Spatially Patterned Architectures to Modulate CO2 Reduction Cascade Catalysis Kinetics

Abstract

Electrochemical CO₂ reduction using renewable sources of electrical energy holds promise for converting CO₂ into fuels and chemicals. The complex interactions among chemical/electrochemical reactions and mass transport make it difficult to analyze the effect of an individual process on electrode performance based only on experimental methods. Here, we developed a generalized steady-state simulation to describe an electrode surface in which sequential cascade catalysts are patterned in a periodic trench design. If appropriately constructed, this trench geometry is hypothesized to be able to yield a higher net current density for a CO₂ reduction (CO₂R) cascade reaction. We have used realistic experimental reaction kinetics to investigate the role of trench geometry in mass transport, local microenvironments, and selectivity for a model CO₂R cascade reaction.
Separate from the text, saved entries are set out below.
lemma mult_right_cancel: "b \<cdot> a = c \<cdot> a \<longleftrightarrow> b = c"
  by (metis mult_assoc right_inverse mult_one_right)

lemma L_def: "L a b = a \<cdot> (a\<^sup>- \<oplus> b)"
  by (simp add: lam_def)

lemma R_def: "R b a = (a\<^sup>- \<oplus> b)\<^sup>- \<cdot> b"
  by (simp add: rho_def)

lemma mult_add: "a \<cdot> (b \<oplus> c) = a \<cdot> b \<oplus> L a c"
  using left_semi_brace unfolding left_semi_brace_def lam_def by blast

lemma mult_one_add: "a \<cdot> (\<one> \<oplus> b) = a \<oplus> L a b"
  using mult_add[of a \<one> b] by simp

lemma add_eq_mult_L: "a \<oplus> b = a \<cdot> L a\<^sup>- b"
  by (simp add: L_def)

lemma L_add: "L a (b \<oplus> c) = L a b \<oplus> L a c"
  using mult_add[of a "a\<^sup>- \<oplus> b" c] by (simp add: L_def add_assoc)

lemma L_mult: "L (a \<cdot> b) c = L a (L b c)"
proof -
  have "b \<cdot> (b\<^sup>- \<cdot> a\<^sup>- \<oplus> c) = a\<^sup>- \<oplus> L b c"
    using mult_add[of b "b\<^sup>- \<cdot> a\<^sup>-" c] by simp
  then show ?thesis
    by (simp add: L_def inverse_mult mult_assoc)
qed

lemma L_one: "L \<one> a = \<one> \<oplus> a"
  by (simp add: L_def)

lemma L_L_inverse: "L a (L a\<^sup>- b) = \<one> \<oplus> b"
  by (simp flip: L_mult add: L_one)

lemma L_inverse_L: "L a\<^sup>- (L a b) = \<one> \<oplus> b"
  using L_L_inverse[of "a\<^sup>-"] by simp

lemma one_add_L: "\<one> \<oplus> L a b = L a b"
  by (metis L_mult L_one mult_one_left)

lemma add_one_add: "a \<oplus> (\<one> \<oplus> b) = a \<oplus> b"
  by (metis add_eq_mult_L L_mult L_one mult_one_right)

lemma L_one_add: "L a \<one> \<oplus> b = \<one> \<oplus> b"
proof -
  have "L a \<one> \<oplus> b = L a \<one> \<oplus> L a (L a\<^sup>- b)"
    by (simp add: L_L_inverse add_one_add)
  also have "\<dots> = L a (L a\<^sup>- b)"
    by (simp add: one_add_L flip: L_add)
  finally show ?thesis
    by (simp add: L_L_inverse)
qed

lemma L_eq_L_one: "\<one> \<oplus> k = \<one> \<Longrightarrow> L a k = L a \<one>"
  by (metis L_mult L_one mult_one_right)

lemma one_add_mult_one_add_absorb:
  "\<one> \<oplus> c = c \<Longrightarrow> \<one> \<oplus> c \<cdot> (\<one> \<oplus> b) = c \<cdot> (\<one> \<oplus> b)"
proof -
  assume c: "\<one> \<oplus> c = c"
  have "\<one> \<oplus> (c \<oplus> L c b) = c \<oplus> L c b"
    by (simp only: c flip: add_assoc)
  then show ?thesis
    by (simp only: mult_one_add)
qed

lemma L_mult_R: "L a b \<cdot> R b a = a \<cdot> b"
  by (simp add: L_def R_def mult_assoc)

lemma R_eq: "R b a = (L a b)\<^sup>- \<cdot> (a \<cdot> b)"
  by (metis L_mult_R inverse_mult_cancel_left)

lemma L_mult_R_assoc: "L a b \<cdot> (R b a \<cdot> c) = a \<cdot> (b \<cdot> c)"
  by (simp flip: mult_assoc add: L_mult_R)

lemma inverse_R: "(R b a)\<^sup>- = b\<^sup>- \<cdot> (a\<^sup>- \<oplus> b)"
  by (simp add: R_def inverse_mult)

lemma inverse_R_R: "(R z (R y x))\<^sup>- = (y \<cdot> z)\<^sup>- \<cdot> (x\<^sup>- \<oplus> y \<cdot> (\<one> \<oplus> z))"
proof -
  have "y\<^sup>- \<cdot> (x\<^sup>- \<oplus> y \<cdot> (\<one> \<oplus> z)) = y\<^sup>- \<cdot> (x\<^sup>- \<oplus> y) \<oplus> z"
    by (simp add: mult_one_add mult_add L_add L_inverse_L add_one_add add_assoc)
  then show ?thesis
    by (simp add: inverse_R inverse_mult mult_assoc)
qed

lemma braid_sides:
  "(r12 r \<circ> r23 r \<circ> r12 r) (x, y, z)
    = (L (L x y) (L (R y x) z), R (L (R y x) z) (L x y), R z (R y x))"
  "(r23 r \<circ> r12 r \<circ> r23 r) (x, y, z)
    = (L x (L y z), L (R (L y z) x) (R z y), R (R z y) (R (L y z) x))"
  by (simp_all add: r12_def r23_def assoc_map_def)

lemma R_R_eq_iff:
  "R z (R y x) = R (R z y) (R (L y z) x) \<longleftrightarrow>
   x\<^sup>- \<oplus> y \<cdot> (\<one> \<oplus> z) = x\<^sup>- \<oplus> L y z \<cdot> (\<one> \<oplus> R z y)"
proof -
  have "R z (R y x) = R (R z y) (R (L y z) x) \<longleftrightarrow>
        (R z (R y x))\<^sup>- = (R (R z y) (R (L y z) x))\<^sup>-"
    by (metis inverse_inverse)
  also have "\<dots> \<longleftrightarrow> x\<^sup>- \<oplus> y \<cdot> (\<one> \<oplus> z) = x\<^sup>- \<oplus> L y z \<cdot> (\<one> \<oplus> R z y)"
    by (simp only: inverse_R_R L_mult_R mult_left_cancel)
  finally show ?thesis .
qed

lemma is_solution_iff_braid_condition:
  "is_solution r \<longleftrightarrow>
   (\<forall>y z. \<one> \<oplus> y \<cdot> (\<one> \<oplus> z) = L y z \<cdot> (\<one> \<oplus> R z y))"
proof
  assume "is_solution r"
  then have "R z (R y \<one>) = R (R z y) (R (L y z) \<one>)" for y z
    unfolding is_solution_def by (metis braid_sides prod.inject)
  then show "\<forall>y z. \<one> \<oplus> y \<cdot> (\<one> \<oplus> z) = L y z \<cdot> (\<one> \<oplus> R z y)"
    by (simp add: R_R_eq_iff one_add_mult_one_add_absorb one_add_L)
next
  assume condition: "\<forall>y z. \<one> \<oplus> y \<cdot> (\<one> \<oplus> z) = L y z \<cdot> (\<one> \<oplus> R z y)"
  show "is_solution r"
    unfolding is_solution_def
  proof (rule ext, clarify)
    fix x y z
    have third: "R z (R y x) = R (R z y) (R (L y z) x)"
      unfolding R_R_eq_iff by (metis condition add_one_add)
    have first: "L (L x y) (L (R y x) z) = L x (L y z)"
      by (simp add: L_mult_R flip: L_mult)
    have "L (L x y) (L (R y x) z) \<cdot> R (L (R y x) z) (L x y) \<cdot> R z (R y x)
        = L x (L y z) \<cdot> L (R (L y z) x) (R z y) \<cdot> R (R z y) (R (L y z) x)"
      by (simp add: L_mult_R L_mult_R_assoc mult_assoc)
    then have second: "R (L (R y x) z) (L x y) = L (R (L y z) x) (R z y)"
      by (simp add: first third mult_assoc mult_left_cancel mult_right_cancel)
    show "(r12 r \<circ> r23 r \<circ> r12 r) (x, y, z)
        = (r23 r \<circ> r12 r \<circ> r23 r) (x, y, z)"
      unfolding braid_sides first second third ..
  qed
qed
The model considers local concentration gradients of bicarbonate species at quasi-equilibrium and catalytic surface reactions based on concentration-dependent Butler–Volmer kinetics. Our results suggest that varying the spatial distribution of active sites plays a significant role in facilitating effective mass transport between active sites, modulating selectivity for the cascade reaction, and enhancing the yield of desirable cascade products. Moreover, we observe that this trench geometry significantly alters the cascade reaction rate by affecting the local pH, which can cause inadvertent depletion of available aqueous CO₂ to limit the CO₂R cascade kinetics and modest suppression of the hydrogen evolution reaction (HER). The results highlight the trade-offs between mass transport, pH, and reaction kinetics that become apparent only when considering the coupled physics of all processes at the electrode surface. This model can thus serve as a primary tool to build more selective and efficient patterned architectures for the CO₂R cascade catalysis.